Toward the end of last summer, Dan offered to train me. I can’t even explain how much of a difference this has made in my fitness and riding ability. On one of our last training rides together before the cross country season started, Dan and I talked about my goals for the coming season. In the early season, I raced the Barry Roubaix gravel road race. I finished third in my age group. I wanted to make it my goal to win that race in my age group and maybe even over all.
As fall turned to winter, I realized I would have to make the Zwift program my best friend for the next four months if I wanted to achieve my goals at Barry Roubaix. Luckily, I was also blessed with the opportunity to go to North Carolina for the annual team camp. Down in NC, I met Ross DiFalco, Jared Dunham, Bobby Munro, Elaine Sheikh, and a former team member, Scott Hoffner. It was great to go to NC not only because it’s beautiful, but it offered team bonding, quality training, and was much better than sitting on a bike in my basement.
The countdown to Barry Roubaix flew by… and before I knew it, I was at the peak of my training load… at around one hundred and twenty hours of for the off season. After hours of Dan’s workouts and online races, it was finally here: Race week! This week was very stressful for me. I was losing sleep over questions about my competition. When I asked Dan about the race and especially about my contenders, he simply reassured me saying, “You will be fine.” This kind of brought me back down to Earth, and I started thinking about really how much work I had done to get to this point. I thought, if anything bad happens to me at this point, then it is out of my hands.
Then came race day. Me and my family arrived in the beautiful Hastings countryside in the early morning. There was a slight chill and a breeze. I got my number plate, warmed up, and met up with a couple of my teammates. Before I knew it, start time was here. I hurried to the start to get the best spot possible, tried to eye up my competition, but then remembered that it was irrelevant. From here to the end of my race it was just me and my bike, a bond that couldn’t be broken. After standing and waiting for about five minutes I knew who was there and who wasn’t. Thirty seconds till start I said my goodbyes. Then, we were off!
My main focus within the race was to keep track of my competitors and make sure that I didn’t make the same mistake as last year and let one slip away into the cluster of people as they passed by. This time I kept track of them. I tried to stay up front to make sure I would be the first into Sager Road (the gnarly two track section of the course), and luckily I was. A kid my age by the name of Max, a renowned cyclocross rider, got onto Sager right behind me. We came out of there together with our battle scars. Eventually we formed a group of six riders breaking away from the main group. We stayed away for the rest of the race.
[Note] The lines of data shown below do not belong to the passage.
(* Let $X$ be as in the standing setting with skeleton $X_1,\dots,X_k$. Suppose $x\in X$ lies in no $\operatorname{span}X_l$ and $x\in\operatorname{pos}\{x_i,x_j\}$ with $x_i\in X_i$, $x_j\in X_j$, $i\ne j$. If $y\in X\setminus X_i$ lies in $\operatorname{span}X_i$, then the support $S_y$ of $y$ does not contain $x_i$.
   Context: Standing setting: $X\subset\mathbb R^n\setminus\{0\}$ is a finite set such that $0$ lies in the interior of $\operatorname{conv}X$, no element of $X$ is a positive multiple of another, and every $n+1$ points of $X$ are in good position. A finite set $A$ is in conical position if $0\notin\operatorname{conv}A$ and no point of $A$ lies in the positive hull (set of nonnegative linear combinations, denoted $\operatorname{pos}$) of the other points; it is in good position otherwise. A skeleton of $X$ is a collection of pairwise disjoint subsets $X_1,\dots,X_k\subseteq X$ such that each $X_i$ is the vertex set of a simplex whose relative interior contains $0$ and $\mathbb R^n=\operatorname{span}X_1\oplus\cdots\oplus\operatorname{span}X_k$. For a nonzero $y\in\operatorname{span}X_i$, its support $S_y$ is the minimal subset of $X_i$ whose positive hull contains $y$. *)

theory Defs
  imports "HOL-Analysis.Analysis"
begin

definition pos :: "'a::real_vector set \<Rightarrow> 'a set" where
  "pos A = {(\<Sum>a\<in>A. c a *\<^sub>R a) | c. \<forall>a\<in>A. 0 \<le> c a}"

definition conical_position :: "'a::real_vector set \<Rightarrow> bool" where
  "conical_position A \<longleftrightarrow> 0 \<notin> convex hull A \<and> (\<forall>a\<in>A. a \<notin> pos (A - {a}))"

definition good_position :: "'a::real_vector set \<Rightarrow> bool" where
  "good_position A \<longleftrightarrow> \<not> conical_position A"

definition standing_setting :: "'a::euclidean_space set \<Rightarrow> bool" where
  "standing_setting X \<longleftrightarrow>
     finite X \<and> 0 \<notin> X \<and> 0 \<in> interior (convex hull X) \<and>
     (\<forall>x\<in>X. \<forall>y\<in>X. x \<noteq> y \<longrightarrow> \<not> (\<exists>c>0. y = c *\<^sub>R x)) \<and>
     (\<forall>A. A \<subseteq> X \<and> card A = DIM('a) + 1 \<longrightarrow> good_position A)"

definition direct_sum_decomposition :: "nat \<Rightarrow> (nat \<Rightarrow> 'a::real_vector set) \<Rightarrow> bool" where
  "direct_sum_decomposition k V \<longleftrightarrow>
     (\<forall>v. \<exists>!u. (\<forall>i<k. u i \<in> V i) \<and> (\<forall>i. k \<le> i \<longrightarrow> u i = 0) \<and> v = (\<Sum>i<k. u i))"

text \<open>A skeleton X_0,...,X_(k-1) of X (indexed by i < k).\<close>
definition skeleton :: "'a::euclidean_space set \<Rightarrow> nat \<Rightarrow> (nat \<Rightarrow> 'a set) \<Rightarrow> bool" where
  "skeleton X k Xs \<longleftrightarrow>
     (\<forall>i<k. Xs i \<subseteq> X) \<and>
     (\<forall>i<k. \<forall>j<k. i \<noteq> j \<longrightarrow> Xs i \<inter> Xs j = {}) \<and>
     (\<forall>i<k. \<not> affine_dependent (Xs i) \<and> 0 \<in> rel_interior (convex hull (Xs i))) \<and>
     direct_sum_decomposition k (\<lambda>i. span (Xs i))"

definition is_support :: "'a::real_vector set \<Rightarrow> 'a \<Rightarrow> 'a set \<Rightarrow> bool" where
  "is_support Xi y S \<longleftrightarrow> S \<subseteq> Xi \<and> y \<in> pos S \<and> (\<forall>T. T \<subset> S \<longrightarrow> y \<notin> pos T)"

end

theory Submission
  imports Defs
begin

(* Write y = \<Sum>t\<in>S. \<mu> t *\<^sub>R t with all \<mu> t > 0; minimality of the support makes S
   linearly independent, and S \<noteq> {xi} because no point of X is a positive multiple of
   another. If xi \<in> S, substitute xi = (x - b xj) / a, where x = a xi + b xj with a, b > 0.
   The set obtained from S by replacing xi with x and adding xj is still independent (xj lies
   outside span (Xs i)), and in it y has two positive coefficients (at x and on S - {xi}) and a
   negative one (at xj). Extending this set to a basis B \<subseteq> X, the DIM + 1 points
   insert y B are in conical position, against the standing assumption. *)

lemma span_eq_UNIV_if_zero_in_interior_convex_hull:
  fixes X :: "'a::euclidean_space set"
  assumes "0 \<in> interior (convex hull X)"
  shows "span X = UNIV"
proof -
  have "aff_dim X = DIM('a)"
    using assms aff_dim_nonempty_interior[of "convex hull X"] aff_dim_convex_hull
    by (metis empty_iff)
  moreover have "0 \<in> affine hull X"
    using assms interior_subset convex_hull_subset_affine_hull by blast
  ultimately show ?thesis
    using aff_dim_eq_full affine_hull_span_0 by metis
qed

lemma independent_coefficients_unique:
  assumes "finite B" "independent B"
    and "(\<Sum>t\<in>B. f t *\<^sub>R t) = (\<Sum>t\<in>B. g t *\<^sub>R t)"
  shows "\<forall>t\<in>B. f t = g t"
proof -
  have "(\<Sum>t\<in>B. (f t - g t) *\<^sub>R t) = 0"
    using assms(3) by (simp add: scaleR_diff_left sum_subtractf)
  then show ?thesis
    using assms(1,2) independent_explicit_finite_subsets by fastforce
qed

lemma sum_indicator_scaleR:
  fixes z :: "'a::real_vector"
  assumes "finite B" "z \<in> B"
  shows "(\<Sum>t\<in>B. (if t = z then 1 else 0) *\<^sub>R t) = z"
proof -
  have "(\<Sum>t\<in>B. (if t = z then 1 else 0) *\<^sub>R t) = (\<Sum>t\<in>B. if t = z then t else 0)"
    by (rule sum.cong) simp_all
  then show ?thesis
    using assms by simp
qed

lemma mem_pos:
  assumes "finite A" "a \<in> A"
  shows "a \<in> pos A"
proof -
  have "a = (\<Sum>t\<in>A. (if t = a then 1 else 0) *\<^sub>R t)"
    using sum_indicator_scaleR[OF assms] by simp
  then show ?thesis
    unfolding pos_def by force
qed

lemma notin_pos_if_negative_coefficient:
  assumes "finite B" "independent B" "y = (\<Sum>t\<in>B. c t *\<^sub>R t)" "t \<in> B" "c t < 0"
  shows "y \<notin> pos B"
proof
  assume "y \<in> pos B"
  then obtain d where "y = (\<Sum>t\<in>B. d t *\<^sub>R t)" "\<forall>t\<in>B. 0 \<le> d t"
    unfolding pos_def by blast
  then show False
    using assms independent_coefficients_unique[of B c d] by fastforce
qed

lemma zero_notin_convex_hull_insert_if_positive_coefficient:
  assumes "finite B" "independent B" "y = (\<Sum>t\<in>B. c t *\<^sub>R t)" "y \<notin> B"
    and "t \<in> B" "c t > 0"
  shows "0 \<notin> convex hull (insert y B)"
proof
  assume "0 \<in> convex hull (insert y B)"
  then obtain w where w: "\<forall>s\<in>insert y B. 0 \<le> w s" "sum w (insert y B) = 1"
    "(\<Sum>s\<in>insert y B. w s *\<^sub>R s) = 0"
    using convex_hull_finite[of "insert y B"] assms(1) by auto
  have "(\<Sum>s\<in>B. (w y * c s + w s) *\<^sub>R s) = w y *\<^sub>R y + (\<Sum>s\<in>B. w s *\<^sub>R s)"
    by (simp add: assms(3) scaleR_sum_right sum.distrib scaleR_add_left)
  also have "\<dots> = (\<Sum>s\<in>B. 0 *\<^sub>R s)"
    using w(3) assms(1,4) by simp
  finally have coeffs: "\<forall>s\<in>B. w y * c s + w s = 0"
    by (rule independent_coefficients_unique[OF assms(1,2)])
  have "w y * c t = 0"
    using coeffs w(1) assms(5,6) by (smt (verit) insert_iff zero_le_mult_iff)
  then have "w y = 0"
    using assms(6) by simp
  then have "sum w (insert y B) = 0"
    using coeffs assms(1,4) by simp
  then show False
    using w(2) by simp
qed

lemma notin_pos_insert_if_other_positive_coefficient:
  assumes "finite B" "independent B" "y = (\<Sum>t\<in>B. c t *\<^sub>R t)" "y \<notin> B"
    and "z \<in> B" "t \<in> B" "t \<noteq> z" "c t > 0"
  shows "z \<notin> pos (insert y (B - {z}))"
proof
  assume "z \<in> pos (insert y (B - {z}))"
  then obtain w where w: "\<forall>s\<in>insert y (B - {z}). 0 \<le> w s"
    "z = (\<Sum>s\<in>insert y (B - {z}). w s *\<^sub>R s)"
    unfolding pos_def by blast
  define g where "g s = (if s = z then 0 else w s)" for s
  have "(\<Sum>s\<in>B. (w y * c s + g s) *\<^sub>R s) = w y *\<^sub>R y + (\<Sum>s\<in>B. g s *\<^sub>R s)"
    by (simp add: assms(3) scaleR_sum_right sum.distrib scaleR_add_left)
  also have "(\<Sum>s\<in>B. g s *\<^sub>R s) = (\<Sum>s\<in>B - {z}. w s *\<^sub>R s)"
    using assms(1,5) by (simp add: g_def sum.remove)
  also have "w y *\<^sub>R y + \<dots> = (\<Sum>s\<in>B. (if s = z then 1 else 0) *\<^sub>R s)"
    using w(2) assms(1,4,5) by (simp add: sum_indicator_scaleR)
  finally have coeffs: "\<forall>s\<in>B. w y * c s + g s = (if s = z then 1 else 0)"
    by (rule independent_coefficients_unique[OF assms(1,2)])
  have "w y * c t = 0"
    using coeffs w(1) assms(6-8) unfolding g_def
    by (smt (verit) DiffI insert_iff singletonD zero_le_mult_iff)
  then have "w y = 0"
    using assms(8) by simp
  then show False
    using coeffs assms(5) unfolding g_def by force
qed

lemma conical_position_insert_if_mixed_coefficients:
  assumes "finite B" "independent B" "y = (\<Sum>t\<in>B. c t *\<^sub>R t)"
    and "t\<^sub>1 \<in> B" "t\<^sub>2 \<in> B" "t\<^sub>1 \<noteq> t\<^sub>2" "c t\<^sub>1 > 0" "c t\<^sub>2 > 0"
    and "t\<^sub>3 \<in> B" "c t\<^sub>3 < 0"
  shows "y \<notin> B" "conical_position (insert y B)"
proof -
  have y_notin_pos: "y \<notin> pos B"
    using notin_pos_if_negative_coefficient[OF assms(1-3,9,10)] .
  then show "y \<notin> B"
    using mem_pos assms(1) by blast
  have "z \<notin> pos (insert y B - {z})" if "z \<in> insert y B" for z
  proof (cases "z = y")
    case True
    then show ?thesis
      using y_notin_pos \<open>y \<notin> B\<close> by simp
  next
    case False
    obtain t where "t \<in> B" "t \<noteq> z" "c t > 0"
      using assms(4-8) by (cases "z = t\<^sub>1") auto
    then have "z \<notin> pos (insert y (B - {z}))"
      using notin_pos_insert_if_other_positive_coefficient[OF assms(1-3) \<open>y \<notin> B\<close>] that False
      by simp
    then show ?thesis
      using False by (simp add: insert_Diff_if)
  qed
  then show "conical_position (insert y B)"
    unfolding conical_position_def
    using zero_notin_convex_hull_insert_if_positive_coefficient[OF assms(1-3) \<open>y \<notin> B\<close> assms(4,7)]
    by blast
qed

lemma direct_sum_decomposition_Int:
  assumes "direct_sum_decomposition k V" "i < k" "j < k" "i \<noteq> j" "\<forall>l. 0 \<in> V l"
  shows "V i \<inter> V j = {0}"
proof -
  have "v = 0" if "v \<in> V i" "v \<in> V j" for v
  proof -
    define decomposes where
      "decomposes u \<longleftrightarrow> (\<forall>l<k. u l \<in> V l) \<and> (\<forall>l. k \<le> l \<longrightarrow> u l = 0) \<and> v = (\<Sum>l<k. u l)"
      for u
    define u where "u l = (if l = i then v else 0)" for l
    define u' where "u' l = (if l = j then v else 0)" for l
    have "\<exists>!u. decomposes u"
      using assms(1)[unfolded direct_sum_decomposition_def, rule_format, of v]
      unfolding decomposes_def .
    moreover have "decomposes u" "decomposes u'"
      using assms(2,3,5) that unfolding decomposes_def u_def u'_def by (auto simp: sum.delta)
    ultimately have "u i = u' i"
      by (auto elim!: ex1E)
    then show "v = 0"
      using assms(4) by (simp add: u_def u'_def)
  qed
  then show ?thesis
    using assms(5) by blast
qed

lemma skeleton_span_Int:
  assumes "skeleton X k Xs" "i < k" "j < k" "i \<noteq> j"
  shows "span (Xs i) \<inter> span (Xs j) = {0}"
  using direct_sum_decomposition_Int[of k "\<lambda>l. span (Xs l)"] assms
  unfolding skeleton_def by (simp add: span_zero)

lemma pos_pair_positive_coefficients:
  assumes "x \<in> pos {u, v}" "subspace U" "subspace V" "u \<in> U" "v \<in> V" "x \<notin> U" "x \<notin> V"
  obtains a b where "a > 0" "b > 0" "x = a *\<^sub>R u + b *\<^sub>R v"
proof -
  obtain c where c: "x = (\<Sum>t\<in>{u, v}. c t *\<^sub>R t)" "\<forall>t\<in>{u, v}. 0 \<le> c t"
    using assms(1) unfolding pos_def by blast
  have "u \<noteq> v"
  proof
    assume "u = v"
    then have "x = c u *\<^sub>R u"
      using c(1) by simp
    then show False
      using assms(2,4,6) subspace_mul by blast
  qed
  then have x: "x = c u *\<^sub>R u + c v *\<^sub>R v"
    using c(1) by simp
  have "c u \<noteq> 0"
  proof
    assume "c u = 0"
    then have "x = c v *\<^sub>R v"
      using x by simp
    then show False
      using assms(3,5,7) subspace_mul by blast
  qed
  moreover have "c v \<noteq> 0"
  proof
    assume "c v = 0"
    then have "x = c u *\<^sub>R u"
      using x by simp
    then show False
      using assms(2,4,6) subspace_mul by blast
  qed
  ultimately show ?thesis
    using that[of "c u" "c v"] x c(2) by (simp add: order_less_le)
qed

lemma pos_remove_zero_coefficient:
  assumes "finite S" "\<forall>t\<in>S. 0 \<le> \<nu> t" "t\<^sub>0 \<in> S" "\<nu> t\<^sub>0 = 0"
  shows "(\<Sum>t\<in>S. \<nu> t *\<^sub>R t) \<in> pos (S - {t\<^sub>0})"
proof -
  have "(\<Sum>t\<in>S. \<nu> t *\<^sub>R t) = (\<Sum>t\<in>S - {t\<^sub>0}. \<nu> t *\<^sub>R t)"
    using assms(1,3,4) by (simp add: sum.remove)
  then show ?thesis
    unfolding pos_def using assms(2) by auto
qed

lemma minimal_pos_positive_coefficients:
  assumes "finite S" "y \<in> pos S" "\<forall>T. T \<subset> S \<longrightarrow> y \<notin> pos T"
  obtains \<mu> where "\<forall>t\<in>S. \<mu> t > 0" "y = (\<Sum>t\<in>S. \<mu> t *\<^sub>R t)"
proof -
  obtain \<mu> where \<mu>: "y = (\<Sum>t\<in>S. \<mu> t *\<^sub>R t)" "\<forall>t\<in>S. 0 \<le> \<mu> t"
    using assms(2) unfolding pos_def by blast
  have "\<mu> t \<noteq> 0" if "t \<in> S" for t
  proof
    assume "\<mu> t = 0"
    then have "y \<in> pos (S - {t})"
      using pos_remove_zero_coefficient[OF assms(1) \<mu>(2) that] \<mu>(1) by simp
    moreover have "S - {t} \<subset> S"
      using that by blast
    ultimately show False
      using assms(3) by blast
  qed
  then have "\<forall>t\<in>S. \<mu> t > 0"
    using \<mu>(2) by (simp add: order.strict_iff_order)
  then show ?thesis
    using that \<mu>(1) by blast
qed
Max was still in the break and he was my only competition left for the top podium spot. We entered the last pavement strip before making our way into town. I sat up front and kept looking back to see if anyone was going to make a move early on, we came up the last hill and we could see the stop light from there. Still up front, and knowing I’m not much of a sprinter, I decided to make the move once we hit the stoplight. We made our way into the final turn “guns a’ blazin’”. I was mashing my pedals into the ground. In this brief moment before the finish, I thought about how disappointed I’d be to come this far to lose. I poured all my might into that sprint, and at the end of the day, I accomplished my goal. I finished first in the juniors and tenth overall. This was so rewarding.
An important lesson we can all learn from this is that it’s important to believe in yourself, but it’s also important to have faith in others. For example, not once did I doubt that the work Dan was having me do was absolutely necessary. Who knows what shape or disadvantage I could have been in if I had not listened to his instruction.
I would like to thank everyone on or off of this team for their contributions to this success: My mom and dad for driving me to these special places beyond southeast Michigan, my teammates for showing me the ropes, Terry for his support, and a special thanks to Dan Yankus for being an awesome coach, mentor, and teammate. I’m excited to see how he can possibly shape me into a better athlete in the future! Also, a big thanks to Cheryl Sherwood for organizing all of the team’s wonderful events! I look forward to the rest of the 2019 season with Athletic Mentors!